- Google Cloud add six new AI agents for data scientists, engineers and more
- Advanced analysis will become more accessible with the AI of natural language
- A solid database is equally important, but Google can help you migrate
Google Cloud has launched six new tools of artificial intelligence agents to help data engineers, data scientists, developers and commercial users who obtain even more productivity benefits.
Writing a “new era where the specialized agents of AI work autonomously and cooperatively to unlock ideas on scale and speed”, the managing director of Data Cloud, Yasmeen Ahmad, explained the benefits of a “unified, unified and native of AI” cloud on the connected tools when it comes to using AI.
In addition to new specialized agents, Google Cloud is also launching a series of API, tools and protocols, as well as updates to unify data.

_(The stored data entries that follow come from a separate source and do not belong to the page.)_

(* Let $n>1$ be an integer with $F_n=D_n$ such that $n+1$ is prime. Then for every integer $k\ge0$, the integer $m=n(n+1)^k$ satisfies $F_m=D_m$.
   Context: For a composite integer $m$, let $d(m)$ denote the largest divisor of $m$ with $1<d(m)<m$. Define $f$ on integers $m>1$ by $f(m)=m-1$ if $m$ is prime and $f(m)=m-d(m)$ if $m$ is composite. Let $f^{(0)}(m)=m$, $f^{(i)}=f\circ f^{(i-1)}$. Define $F_m=\{m,f(m),f^{(2)}(m),\dots,1\}$, the set of iterates of $f$ from $m$ up to and including the first occurrence of $1$, and let $D_m$ be the set of positive divisors of $m$. *)

theory Defs
  imports "HOL-Computational_Algebra.Primes"
begin

text \<open>Largest divisor d of m with 1 < d < m (meaningful for composite m).\<close>
definition dmax :: "nat \<Rightarrow> nat" where
  "dmax m = Max {d. d dvd m \<and> 1 < d \<and> d < m}"

definition fstep :: "nat \<Rightarrow> nat" where
  "fstep m = (if prime m then m - 1 else m - dmax m)"

text \<open>F_m: the iterates of f starting from m, up to and including the first occurrence of 1.\<close>
definition Fset :: "nat \<Rightarrow> nat set" where
  "Fset m = {(fstep ^^ i) m | i. \<forall>j<i. (fstep ^^ j) m \<noteq> 1}"

definition Dset :: "nat \<Rightarrow> nat set" where
  "Dset m = {d. d dvd m \<and> 0 < d}"

end

theory Submission
  imports Defs
begin

text \<open>For m > 1 with least prime factor q one has f(m) = m - m/q = (m/q)(q - 1), whether m is
prime or not. If every prime factor of y is at most the prime p, then p y has the same least
prime factor as y, so f(p y) = p f(y), and f(y) again has all its prime factors at most p.
Following the orbit of p y down to p and then f(p) = p - 1 gives F(p y) = p F(y) \<union> F(p - 1).
For p = n + 1 and y = n p^k this matches D(n p^(k+1)) = p D(n p^k) \<union> D(n), valid because p does
not divide n, and the theorem follows by induction on k.\<close>

definition least_prime_factor :: "nat \<Rightarrow> nat" where
  "least_prime_factor m = Min (prime_factors m)"

lemma least_prime_factor:
  assumes "m > 1"
  shows "prime (least_prime_factor m)" "least_prime_factor m dvd m"
    and "prime r \<Longrightarrow> r dvd m \<Longrightarrow> least_prime_factor m \<le> r"
proof -
  have "prime_factors m \<noteq> {}"
    using assms by (simp add: prime_factorization_empty_iff)
  then have "least_prime_factor m \<in> prime_factors m"
    unfolding least_prime_factor_def by (rule Min_in[OF finite_set_mset])
  then show "prime (least_prime_factor m)" "least_prime_factor m dvd m"
    by auto
  show "prime r \<Longrightarrow> r dvd m \<Longrightarrow> least_prime_factor m \<le> r"
    using assms unfolding least_prime_factor_def
    by (intro Min_le[OF finite_set_mset]) (simp add: in_prime_factors_iff)
qed

lemma dmax_eq_div_least_prime_factor:
  assumes "m > 1" "\<not> prime m"
  shows "dmax m = m div least_prime_factor m"
proof -
  let ?q = "least_prime_factor m"
  have q: "prime ?q" "?q dvd m" using least_prime_factor assms(1) by auto
  have "?q > 1" using q(1) prime_gt_1_nat by blast
  have "m div ?q \<noteq> 1" using q assms(2) by (metis dvd_mult_div_cancel mult.right_neutral)
  moreover have "m div ?q \<noteq> 0" using q assms(1) by (simp add: dvd_div_eq_0_iff)
  moreover have "m div ?q dvd m" using q(2) by (metis dvd_mult_div_cancel dvd_triv_right)
  ultimately have in_S: "m div ?q \<in> {d. d dvd m \<and> 1 < d \<and> d < m}"
    using \<open>?q > 1\<close> assms(1) by simp
  have "d \<le> m div ?q" if d: "d dvd m" "1 < d" "d < m" for d
  proof -
    obtain e where e: "m = d * e" using d(1) by blast
    have "e \<noteq> 0" "e \<noteq> 1" using e d assms(1) by auto
    then obtain r where r: "prime r" "r dvd e" using prime_factor_nat by blast
    have "?q \<le> r" using least_prime_factor(3)[OF assms(1) r(1)] r(2) e by simp
    also have "r \<le> e" using r(2) \<open>e \<noteq> 0\<close> by (simp add: dvd_imp_le)
    finally have "m div e \<le> m div ?q" using \<open>?q > 1\<close> by (simp add: div_le_mono2)
    then show ?thesis using e \<open>e \<noteq> 0\<close> by simp
  qed
  then show ?thesis
    unfolding dmax_def by (intro Max_eqI[OF _ _ in_S]) (auto intro: finite_subset[of _ "{..m}"])
qed

lemma fstep_eq_least_prime_factor:
  assumes "m > 1"
  shows "fstep m = m - m div least_prime_factor m"
proof (cases "prime m")
  case True
  then have "least_prime_factor m = m"
    using least_prime_factor[OF assms] by (simp add: primes_dvd_imp_eq)
  then show ?thesis using True assms by (simp add: fstep_def)
next
  case False
  then show ?thesis using assms by (simp add: fstep_def dmax_eq_div_least_prime_factor)
qed

lemma fstep_bounds:
  assumes "m > 1"
  shows "0 < fstep m" "fstep m < m"
proof -
  let ?q = "least_prime_factor m"
  have "?q > 1" using least_prime_factor(1)[OF assms] by (rule prime_gt_1_nat)
  have "?q \<le> m" using least_prime_factor(2)[OF assms] assms by (simp add: dvd_imp_le)
  with \<open>?q > 1\<close> have "0 < m div ?q" "m div ?q < m"
    using assms by (auto simp: div_greater_zero_iff div_less_dividend)
  then show "0 < fstep m" "fstep m < m"
    using fstep_eq_least_prime_factor[OF assms] by auto
qed

lemma least_prime_factor_mult_prime:
  assumes "prime p" "y > 1" "\<forall>r\<in>prime_factors y. r \<le> p"
  shows "least_prime_factor (p * y) = least_prime_factor y"
proof -
  have "prime_factors (p * y) = insert p (prime_factors y)"
    using assms by (simp add: prime_factors_product prime_prime_factors)
  moreover have "prime_factors y \<noteq> {}"
    using assms(2) by (simp add: prime_factorization_empty_iff)
  ultimately show ?thesis
    using assms(3) unfolding least_prime_factor_def
    by (simp add: min_absorb2 Min_le_iff)
qed

lemma fstep_mult_prime:
  assumes "prime p" "y > 1" "\<forall>r\<in>prime_factors y. r \<le> p"
  shows "fstep (p * y) = p * fstep y"
proof -
  have "p * y > 1" using assms(1,2) prime_gt_1_nat less_1_mult by blast
  moreover have "least_prime_factor y dvd y" using least_prime_factor(2)[OF assms(2)] .
  ultimately show ?thesis
    using assms fstep_eq_least_prime_factor least_prime_factor_mult_prime
    by (simp add: div_mult_swap diff_mult_distrib2)
qed

lemma prime_factors_fstep_le:
  assumes "y > 1" "\<forall>r\<in>prime_factors y. r \<le> p"
  shows "\<forall>r\<in>prime_factors (fstep y). r \<le> p"
proof -
  let ?q = "least_prime_factor y"
  have q: "prime ?q" "?q dvd y" using least_prime_factor[OF assms(1)] by auto
  then have "?q \<le> p" using assms by (simp add: in_prime_factors_iff)
  have "?q > 1" using q(1) by (rule prime_gt_1_nat)
  have "fstep y = (y div ?q) * (?q - 1)"
    using fstep_eq_least_prime_factor[OF assms(1)] q(2)
    by (metis diff_mult_distrib2 dvd_mult_div_cancel mult.commute mult.right_neutral)
  moreover have "y div ?q \<noteq> 0" "?q - 1 \<noteq> 0"
    using q(2) assms(1) \<open>?q > 1\<close> by (auto simp: dvd_div_eq_0_iff)
  moreover have "\<forall>r\<in>prime_factors (y div ?q). r \<le> p"
  proof -
    have "y div ?q dvd y" using q(2) by (metis dvd_mult_div_cancel dvd_triv_right)
    then show ?thesis using assms dvd_prime_factors[of y "y div ?q"] by auto
  qed
  moreover have "\<forall>r\<in>prime_factors (?q - 1). r \<le> p"
    using \<open>?q \<le> p\<close> by (auto simp: in_prime_factors_iff dest!: dvd_imp_le)
  ultimately show ?thesis by (auto simp: prime_factors_product)
qed

lemma ex_nat_split: "(\<exists>i::nat. P i) \<longleftrightarrow> P 0 \<or> (\<exists>i. P (Suc i))"
  by (metis not0_implies_Suc)

lemma Fset_1: "Fset 1 = {1}"
proof -
  have "x \<in> Fset 1 \<longleftrightarrow> x = 1" for x
    unfolding Fset_def mem_Collect_eq
    by (subst ex_nat_split) (simp add: All_less_Suc2 del: funpow.simps)
  then show ?thesis by blast
qed

lemma Fset_step:
  assumes "m \<noteq> 1"
  shows "Fset m = insert m (Fset (fstep m))"
proof -
  have "x \<in> Fset m \<longleftrightarrow> x = m \<or> x \<in> Fset (fstep m)" for x
    unfolding Fset_def mem_Collect_eq using assms
    by (subst ex_nat_split) (simp add: All_less_Suc2 funpow_Suc_right del: funpow.simps)
  then show ?thesis by blast
qed

lemma Fset_mult_prime:
  assumes "prime p" "y > 0" "\<forall>r\<in>prime_factors y. r \<le> p"
  shows "Fset (p * y) = (\<lambda>z. p * z) ` Fset y \<union> Fset (p - 1)"
  using assms(2,3)
proof (induction y rule: less_induct)
  case (less y)
  have "p > 1" using assms(1) by (rule prime_gt_1_nat)
  show ?case
  proof (cases "y = 1")
    case True
    have "fstep p = p - 1" using assms(1) by (simp add: fstep_def)
    then show ?thesis unfolding True Fset_1 using Fset_step[of p] \<open>p > 1\<close> by simp
  next
    case False
    with less.prems have "y > 1" by simp
    have "p * y \<noteq> 1" using \<open>p > 1\<close> \<open>y > 1\<close> by simp
    have IH: "Fset (p * fstep y) = (\<lambda>z. p * z) ` Fset (fstep y) \<union> Fset (p - 1)"
      using less.IH fstep_bounds[OF \<open>y > 1\<close>] prime_factors_fstep_le[OF \<open>y > 1\<close> less.prems(2)]
      by blast
    have "Fset (p * y) = insert (p * y) (Fset (p * fstep y))"
      using Fset_step[OF \<open>p * y \<noteq> 1\<close>] fstep_mult_prime[OF assms(1) \<open>y > 1\<close> less.prems(2)]
      by simp
    also have "\<dots> = (\<lambda>z. p * z) ` Fset y \<union> Fset (p - 1)"
      using IH Fset_step[OF False] by simp
    finally show ?thesis .
  qed
qed

lemma Dset_mult_prime_power:
  assumes "prime p" "\<not> p dvd n"
  shows "Dset (n * p ^ Suc k) = (\<lambda>z. p * z) ` Dset (n * p ^ k) \<union> Dset n"
proof (intro set_eqI iffI)
  fix d assume d: "d \<in> Dset (n * p ^ Suc k)"
  show "d \<in> (\<lambda>z. p * z) ` Dset (n * p ^ k) \<union> Dset n"
  proof (cases "p dvd d")
    case True
    then obtain e where "d = p * e" by blast
    then show ?thesis using d assms(1) by (auto simp: Dset_def mult.left_commute)
  next
    case False
    then have "coprime p d" using assms(1) by (simp add: prime_imp_coprime)
    then have "coprime d (p ^ Suc k)" by (simp add: coprime_commute)
    then have "d dvd n" using d by (simp add: Dset_def coprime_dvd_mult_left_iff)
    then show ?thesis using d by (simp add: Dset_def)
  qed
next
  fix d assume "d \<in> (\<lambda>z. p * z) ` Dset (n * p ^ k) \<union> Dset n"
  then show "d \<in> Dset (n * p ^ Suc k)"
    using prime_gt_0_nat[OF assms(1)] by (auto simp: Dset_def mult.left_commute intro: dvd_mult2)
qed

lemma prime_factors_mult_prime_power_le:
  fixes p n :: nat
  assumes "prime p" "n \<le> p"
  shows "\<forall>r\<in>prime_factors (n * p ^ k). r \<le> p"
proof
  fix r assume r: "r \<in> prime_factors (n * p ^ k)"
  then have "prime r" "n > 0" "r dvd n * p ^ k" by (auto simp: in_prime_factors_iff)
  then have "r dvd n \<or> r dvd p" by (auto simp: prime_dvd_mult_iff dest: prime_dvd_power)
  then show "r \<le> p"
  proof
    assume "r dvd n"
    then have "r \<le> n" using \<open>n > 0\<close> by (rule dvd_imp_le)
    then show ?thesis using assms(2) by simp
  next
    assume "r dvd p"
    then show ?thesis using prime_gt_0_nat[OF assms(1)] by (rule dvd_imp_le)
  qed
qed

theorem proposition5:
  fixes n :: nat
  assumes "n > 1" and "Fset n = Dset n" and "prime (n + 1)"
  shows "\<forall>k::nat. Fset (n * (n + 1) ^ k) = Dset (n * (n + 1) ^ k)"
proof
  fix k
  let ?p = "n + 1"
  have "\<not> ?p dvd n" using assms(1) by (auto dest: dvd_imp_le)
  show "Fset (n * ?p ^ k) = Dset (n * ?p ^ k)"
  proof (induction k)
    case 0
    then show ?case using assms(2) by simp
  next
    case (Suc k)
    have "\<forall>r\<in>prime_factors (n * ?p ^ k). r \<le> ?p"
      by (rule prime_factors_mult_prime_power_le[OF assms(3)]) simp
    then have "Fset (?p * (n * ?p ^ k)) = (\<lambda>z. ?p * z) ` Fset (n * ?p ^ k) \<union> Fset n"
      using Fset_mult_prime[OF assms(3)] assms(1) by simp
    then show ?case
      using Suc.IH assms(2) Dset_mult_prime_power[OF assms(3) \<open>\<not> ?p dvd n\<close>]
      by (simp add: mult_ac)
  qed
qed

end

Google Cloud launches even more AI agents
The first agent, for data engineers, is designed to automate complex data pipes by allowing engineers to describe tasks and then building and executing workflows autonomously. A separate key migration agent will simplify the migration of inherited databases such as MySQL to Splay, eliminating hours of tedious administrative work.
Data scientists will benefit from an agent who automatically performs exploratory data analysis, data cleaning, features engineering and ML predictions, offering step by step and collaborative comments, while commercial users and commercial analysts can use two separate agents designed to answer questions about data and interpret the code with visualizations and explanations, which means that non -technical users can perform advanced analysis.
Finally, Gemini Cli Github actions will automate applications, tests, reviews and implementation for developers.
“The true potential for the change of agent is done when developers not only use existing agents, but also extend them and connect them to their own intelligent systems, creating a broader network,” said Ahmad.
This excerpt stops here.